--- Data excerpts Enclosed Below ---

section \<open>Quotient dimension\<close>

definition spans_mod :: "('a, 'b) ring_scheme \<Rightarrow> ('k \<Rightarrow> 'a \<Rightarrow> 'a) \<Rightarrow> 'a set \<Rightarrow> 'a set \<Rightarrow> 'a set \<Rightarrow> bool" where
  "spans_mod R sc V W B \<longleftrightarrow> B \<subseteq> V \<and> finite B \<and> (\<forall>v\<in>V. \<exists>c. v \<ominus>\<^bsub>R\<^esub> (\<Oplus>\<^bsub>R\<^esub>b\<in>B. sc (c b) b) \<in> W)"

lemma quot_dim_eqI:
  assumes "\<And>B. spans_mod R sc V' W' B \<Longrightarrow> spans_mod R sc V W B"
    and "\<And>B. spans_mod R sc V W B \<Longrightarrow> \<exists>B'. spans_mod R sc V' W' B' \<and> card B' \<le> card B"
  shows "quot_dim R sc V W = quot_dim R sc V' W'"
proof -
  define S where "S = {n. \<exists>B. spans_mod R sc V W B \<and> card B = n}"
  define S' where "S' = {n. \<exists>B. spans_mod R sc V' W' B \<and> card B = n}"
  have "quot_dim R sc V W = (if S = {} then \<infinity> else enat (LEAST n. n \<in> S))"
    "quot_dim R sc V' W' = (if S' = {} then \<infinity> else enat (LEAST n. n \<in> S'))"
    unfolding quot_dim_def Let_def S_def S'_def spans_mod_def by (simp_all only: conj_ac)
  moreover have sub: "S' \<subseteq> S" unfolding S_def S'_def using assms(1) by blast
  moreover have "S' = {} \<Longrightarrow> S = {}" unfolding S_def S'_def using assms(2) by blast
  moreover have "(LEAST n. n \<in> S') = (LEAST n. n \<in> S)" if "S \<noteq> {}"
  proof (rule Least_equality)
    define n where "n = (LEAST n. n \<in> S)"
    have "n \<in> S" using that unfolding n_def by (auto intro: LeastI)
    then obtain n' where "n' \<in> S'" "n' \<le> n" unfolding S_def S'_def using assms(2) by blast
    moreover have "n \<le> n'" using \<open>n' \<in> S'\<close> sub unfolding n_def by (auto intro: Least_le)
    ultimately show "n \<in> S'" by simp
    show "\<And>k. k \<in> S' \<Longrightarrow> n \<le> k" using sub unfolding n_def by (auto intro: Least_le)
  qed
  ultimately show ?thesis by auto
qed
(* Let $0<\omega_1<\omega_2<\cdots$, $(c_j)$ a real square-summable sequence with all $c_j\ne0$, $\gamma>0$, and let $A$ be the operator on $H=\ell^2\times\ell^2$ (complex) given by $A(q,p)=(-i\Omega q+\check Aq+\check Ap,\ \check Aq+i\Omega p+\check Ap)$ with $\Omega=\mathrm{diag}(\omega_j)$, $(\check Ax)_j=-\frac\gamma2c_j\sum_\iota c_\iota x_\iota$. Assume the standing enumeration (S) of the eigenvalues $\{\lambda_n,\bar\lambda_n\}$ of $A$ given in the context, and let $G$ be the diagonal operator $G(q,p)=(G_1q,G_2p)$, $G_1=\mathrm{diag}(\bar\lambda_1,\bar\lambda_2,\dots)$, $G_2=\mathrm{diag}(\lambda_1,\lambda_2,\dots)$ on its natural domain. Assume (A2): there is $\kappa>0$ with $\omega_{j+1}-\omega_j\ge\kappa$ for all $j$; and (A3): there are $\alpha>0$, $\beta>0$, $k_0\in\mathbb N$ with $|c_k|\omega_k^{\alpha/2}\ge\beta$ for all $k\ge k_0$. Then $$\|R(is;G)\|=\|(G-isI)^{-1}\|=O(|s|^\alpha)\quad\text{as } |s|\to\infty,\ s\in\mathbb R.$$
   Context: Standing enumeration (S): $f(\lambda)=\sum_j\frac{c_j^2}{\omega_j}\big(\frac1{\lambda-i\omega_j}-\frac1{\lambda+i\omega_j}\big)+\frac{2i}{\gamma\lambda}$; the eigenvalues of $A$ are pairwise distinct simple zeros of $f$ forming the set $\{\lambda_n,\bar\lambda_n:n\in\mathbb N\}$, with $\lambda_n$ in a neighbourhood of $i\omega_n$ and $\bar\lambda_n$ near $-i\omega_n$, none purely imaginary; and for every $k$ (with $\omega_k>1$, $\omega_{k+1}-\omega_k>\omega_k-\omega_{k-1}$ for $k\ge2$), with $F_k(\lambda)=(\lambda-i\omega_k)f(\lambda)$, $\lambda_k^*=i\omega_k-F_k(i\omega_k)/F_k'(i\omega_k)$, $\rho_k$ defined by $F_k(\lambda)=F_k(i\omega_k)+(\lambda-i\omega_k)F_k'(i\omega_k)+(\lambda-i\omega_k)^2\rho_k(\lambda)$, there are $0<R_1^{(k)}<\omega_k-\omega_{k-1}$ and $R_k>0$ such that $M_k=\sup_{|\lambda-i\omega_k|\le R_1^{(k)}}|\rho_k|$ satisfies $0<M_k<\frac{\gamma\omega_k|F_k'(i\omega_k)|^3}{c_k^2(\gamma\omega_k|F_k'(i\omega_k)|+1)^2}$, $\sqrt{R_k}\in(b_k-\sqrt{b_k^2-d_k},b_k+\sqrt{b_k^2-d_k})$ ($b_k=\sqrt{|F_k'(i\omega_k)|/(4M_k)}$, $d_k=|F_k(i\omega_k)/F_k'(i\omega_k)|$), $R_k\le\frac12|\mathrm{Re}\lambda_k^*|$, $\{|\lambda-\lambda_k^*|<R_k\}\subset\{|\lambda-i\omega_k|\le R_1^{(k)}\}$, and $\lambda_k$ is the zero of $f$ in $\{|\lambda-\lambda_k^*|<R_k\}$. *)

theory Defs
  imports "HOL-Analysis.Analysis"
begin

text \<open>Indexing convention: the paper's index j = 1,2,... corresponds to the
Isabelle index j-1 = 0,1,...  Sequences are functions nat => _.\<close>

definition l2 :: "(nat \<Rightarrow> complex) \<Rightarrow> bool" where
  "l2 x \<longleftrightarrow> summable (\<lambda>j. (cmod (x j))\<^sup>2)"

definition normH :: "(nat \<Rightarrow> complex) \<Rightarrow> (nat \<Rightarrow> complex) \<Rightarrow> real" where
  "normH q p = sqrt ((\<Sum>j. (cmod (q j))\<^sup>2) + (\<Sum>j. (cmod (p j))\<^sup>2))"

definition checkA :: "(nat \<Rightarrow> real) \<Rightarrow> real \<Rightarrow> (nat \<Rightarrow> complex) \<Rightarrow> nat \<Rightarrow> complex" where
  "checkA c \<gamma> x j = - of_real (\<gamma> / 2 * c j) * (\<Sum>i. of_real (c i) * x i)"

definition domA :: "(nat \<Rightarrow> real) \<Rightarrow> (nat \<Rightarrow> complex) \<Rightarrow> (nat \<Rightarrow> complex) \<Rightarrow> bool" where
  "domA \<omega> q p \<longleftrightarrow> l2 q \<and> l2 p \<and> l2 (\<lambda>j. of_real (\<omega> j) * q j) \<and> l2 (\<lambda>j. of_real (\<omega> j) * p j)"

definition opA :: "(nat \<Rightarrow> real) \<Rightarrow> (nat \<Rightarrow> real) \<Rightarrow> real \<Rightarrow>
    (nat \<Rightarrow> complex) \<Rightarrow> (nat \<Rightarrow> complex) \<Rightarrow> (nat \<Rightarrow> complex) \<times> (nat \<Rightarrow> complex)" where
  "opA c \<omega> \<gamma> q p =
     ((\<lambda>j. - \<i> * of_real (\<omega> j) * q j + checkA c \<gamma> q j + checkA c \<gamma> p j),
      (\<lambda>j. checkA c \<gamma> q j + \<i> * of_real (\<omega> j) * p j + checkA c \<gamma> p j))"

definition eigenvalue_A :: "(nat \<Rightarrow> real) \<Rightarrow> (nat \<Rightarrow> real) \<Rightarrow> real \<Rightarrow> complex \<Rightarrow> bool" where
  "eigenvalue_A c \<omega> \<gamma> \<mu> \<longleftrightarrow>
     (\<exists>q p. domA \<omega> q p \<and> (q \<noteq> (\<lambda>_. 0) \<or> p \<noteq> (\<lambda>_. 0)) \<and>
            opA c \<omega> \<gamma> q p = ((\<lambda>j. \<mu> * q j), (\<lambda>j. \<mu> * p j)))"

definition fterm :: "(nat \<Rightarrow> real) \<Rightarrow> (nat \<Rightarrow> real) \<Rightarrow> nat \<Rightarrow> complex \<Rightarrow> complex" where
  "fterm c \<omega> j z = of_real ((c j)\<^sup>2 / \<omega> j) *
      (1 / (z - \<i> * of_real (\<omega> j)) - 1 / (z + \<i> * of_real (\<omega> j)))"

definition fS :: "(nat \<Rightarrow> real) \<Rightarrow> (nat \<Rightarrow> real) \<Rightarrow> real \<Rightarrow> complex \<Rightarrow> complex" where
  "fS c \<omega> \<gamma> z = (\<Sum>j. fterm c \<omega> j z) + 2 * \<i> / (of_real \<gamma> * z)"

text \<open>F_k(z) = (z - i omega_k) f(z), written in its analytically continued form
(so that it is also correct at z = i omega_k, where f has a pole).\<close>
definition FS :: "(nat \<Rightarrow> real) \<Rightarrow> (nat \<Rightarrow> real) \<Rightarrow> real \<Rightarrow> nat \<Rightarrow> complex \<Rightarrow> complex" where
  "FS c \<omega> \<gamma> k z =
     of_real ((c k)\<^sup>2 / \<omega> k) * (1 - (z - \<i> * of_real (\<omega> k)) / (z + \<i> * of_real (\<omega> k)))
     + (z - \<i> * of_real (\<omega> k)) *
         ((\<Sum>j. if j = k then 0 else fterm c \<omega> j z) + 2 * \<i> / (of_real \<gamma> * z))"

definition FSd :: "(nat \<Rightarrow> real) \<Rightarrow> (nat \<Rightarrow> real) \<Rightarrow> real \<Rightarrow> nat \<Rightarrow> complex" where
  "FSd c \<omega> \<gamma> k = deriv (FS c \<omega> \<gamma> k) (\<i> * of_real (\<omega> k))"

definition lamstar :: "(nat \<Rightarrow> real) \<Rightarrow> (nat \<Rightarrow> real) \<Rightarrow> real \<Rightarrow> nat \<Rightarrow> complex" where
  "lamstar c \<omega> \<gamma> k = \<i> * of_real (\<omega> k) - FS c \<omega> \<gamma> k (\<i> * of_real (\<omega> k)) / FSd c \<omega> \<gamma> k"

definition rhoS :: "(nat \<Rightarrow> real) \<Rightarrow> (nat \<Rightarrow> real) \<Rightarrow> real \<Rightarrow> nat \<Rightarrow> complex \<Rightarrow> complex" where
  "rhoS c \<omega> \<gamma> k z =
     (if z = \<i> * of_real (\<omega> k) then deriv (deriv (FS c \<omega> \<gamma> k)) (\<i> * of_real (\<omega> k)) / 2
      else (FS c \<omega> \<gamma> k z - FS c \<omega> \<gamma> k (\<i> * of_real (\<omega> k))
              - (z - \<i> * of_real (\<omega> k)) * FSd c \<omega> \<gamma> k) / (z - \<i> * of_real (\<omega> k))\<^sup>2)"

text \<open>The quantitative localisation condition of (S) for the index k
(paper's convention omega_0 := 0 for the first index).\<close>
definition S_local :: "(nat \<Rightarrow> real) \<Rightarrow> (nat \<Rightarrow> real) \<Rightarrow> real \<Rightarrow> (nat \<Rightarrow> complex) \<Rightarrow> nat \<Rightarrow> bool" where
  "S_local c \<omega> \<gamma> lam k \<longleftrightarrow>
    (\<exists>R1 R. 0 < R1 \<and> R1 < \<omega> k - (if k = 0 then 0 else \<omega> (k - 1)) \<and> 0 < R \<and>
      (let Fd = FSd c \<omega> \<gamma> k;
           M = (SUP z\<in>cball (\<i> * of_real (\<omega> k)) R1. cmod (rhoS c \<omega> \<gamma> k z));
           b = sqrt (cmod Fd / (4 * M));
           d = cmod (FS c \<omega> \<gamma> k (\<i> * of_real (\<omega> k)) / Fd);
           ls = lamstar c \<omega> \<gamma> k
       in 0 < M \<and>
          M < \<gamma> * \<omega> k * (cmod Fd) ^ 3 / ((c k)\<^sup>2 * (\<gamma> * \<omega> k * cmod Fd + 1)\<^sup>2) \<and>
          b - sqrt (b\<^sup>2 - d) < sqrt R \<and> sqrt R < b + sqrt (b\<^sup>2 - d) \<and>
          R \<le> \<bar>Re ls\<bar> / 2 \<and>
          ball ls R \<subseteq> cball (\<i> * of_real (\<omega> k)) R1 \<and>
          lam k \<in> ball ls R \<and> fS c \<omega> \<gamma> (lam k) = 0 \<and>
          (\<forall>z\<in>ball ls R. fS c \<omega> \<gamma> z = 0 \<longrightarrow> z = lam k)))"

text \<open>Resolvent of the diagonal operator G = diag(conj lambda_n) x diag(lambda_n)
at mu: (G - mu I)^{-1} acts diagonally with the reciprocal entries.\<close>
definition resolvG :: "(nat \<Rightarrow> complex) \<Rightarrow> complex \<Rightarrow> (nat \<Rightarrow> complex) \<Rightarrow> (nat \<Rightarrow> complex)
    \<Rightarrow> (nat \<Rightarrow> complex) \<times> (nat \<Rightarrow> complex)" where
  "resolvG lam \<mu> q p = ((\<lambda>n. q n / (cnj (lam n) - \<mu>)), (\<lambda>n. p n / (lam n - \<mu>)))"

end

theory Submission
  imports Defs
begin

text \<open>Since \<open>G\<close> is diagonal, the norm of \<open>(G - is)\<^sup>-\<^sup>1\<close> is the reciprocal of the distance
from \<open>is\<close> to the eigenvalues \<open>\<lambda>\<^sub>n\<close>, \<open>cnj \<lambda>\<^sub>n\<close>. Near \<open>i\<omega>\<^sub>k\<close> the function \<open>F\<^sub>k\<close> is an explicit
rational function plus \<open>(z - i\<omega>\<^sub>k)\<close> times the remaining terms of \<open>f\<close>, which the gap
condition (A2) keeps continuous there; hence \<open>F\<^sub>k'(i\<omega>\<^sub>k)\<close> has real part \<open>2/(\<gamma>\<omega>\<^sub>k)\<close> and
imaginary part \<open>O(1/\<omega>\<^sub>k)\<close>. So the Newton point \<open>\<lambda>\<^sub>k\<^sup>*\<close> lies within \<open>O(c\<^sub>k\<^sup>2)\<close> of \<open>i\<omega>\<^sub>k\<close>
with \<open>|Re \<lambda>\<^sub>k\<^sup>*| \<ge> const c\<^sub>k\<^sup>2\<close>, and by (S) so does \<open>\<lambda>\<^sub>k\<close>. For large \<open>|s|\<close>, either
\<open>\<omega>\<^sub>n\<close> exceeds \<open>|s|\<close> by more than that bounded shift, and then \<open>|\<lambda>\<^sub>n - is| \<ge> 1\<close>, or
\<open>\<omega>\<^sub>n = O(|s|)\<close> and \<open>|\<lambda>\<^sub>n - is| \<ge> |Re \<lambda>\<^sub>n| \<ge> const c\<^sub>n\<^sup>2 \<ge> const \<omega>\<^sub>n\<^sup>-\<^sup>\<alpha>\<close> by (A3).\<close>

lemma gap_le_abs_diff:
  fixes \<omega> :: "nat \<Rightarrow> real"
  assumes gap: "\<forall>j. \<omega> (j + 1) - \<omega> j \<ge> \<kappa>" and "0 \<le> \<kappa>" and "j \<noteq> k"
  shows "\<kappa> \<le> \<bar>\<omega> j - \<omega> k\<bar>"
proof -
  have "\<omega> a + \<kappa> \<le> \<omega> b" if "a < b" for a b
    using Suc_leI[OF that]
  proof (induction b rule: dec_induct)
    case base
    show ?case using gap[rule_format, of a] by simp
  next
    case (step b)
    then show ?case using gap[rule_format, of b] \<open>0 \<le> \<kappa>\<close> by simp
  qed
  from this[of j k] this[of k j] \<open>j \<noteq> k\<close> show ?thesis
    by (cases "j < k") auto
qed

--- End of Enclosed Data excerpts ---

- **Work to complete**
Every line from the first entry to the line containing "W' B \<Longrightarrow>" should be transcribed exactly, and nothing beyond it.

- **Solution**
section \<open>Quotient dimension\<close>

definition spans_mod :: "('a, 'b) ring_scheme \<Rightarrow> ('k \<Rightarrow> 'a \<Rightarrow> 'a) \<Rightarrow> 'a set \<Rightarrow> 'a set \<Rightarrow> 'a set \<Rightarrow> bool" where
  "spans_mod R sc V W B \<longleftrightarrow> B \<subseteq> V \<and> finite B \<and> (\<forall>v\<in>V. \<exists>c. v \<ominus>\<^bsub>R\<^esub> (\<Oplus>\<^bsub>R\<^esub>b\<in>B. sc (c b) b) \<in> W)"

lemma quot_dim_eqI:
  assumes "\<And>B. spans_mod R sc V' W' B \<Longrightarrow> spans_mod R sc V W B"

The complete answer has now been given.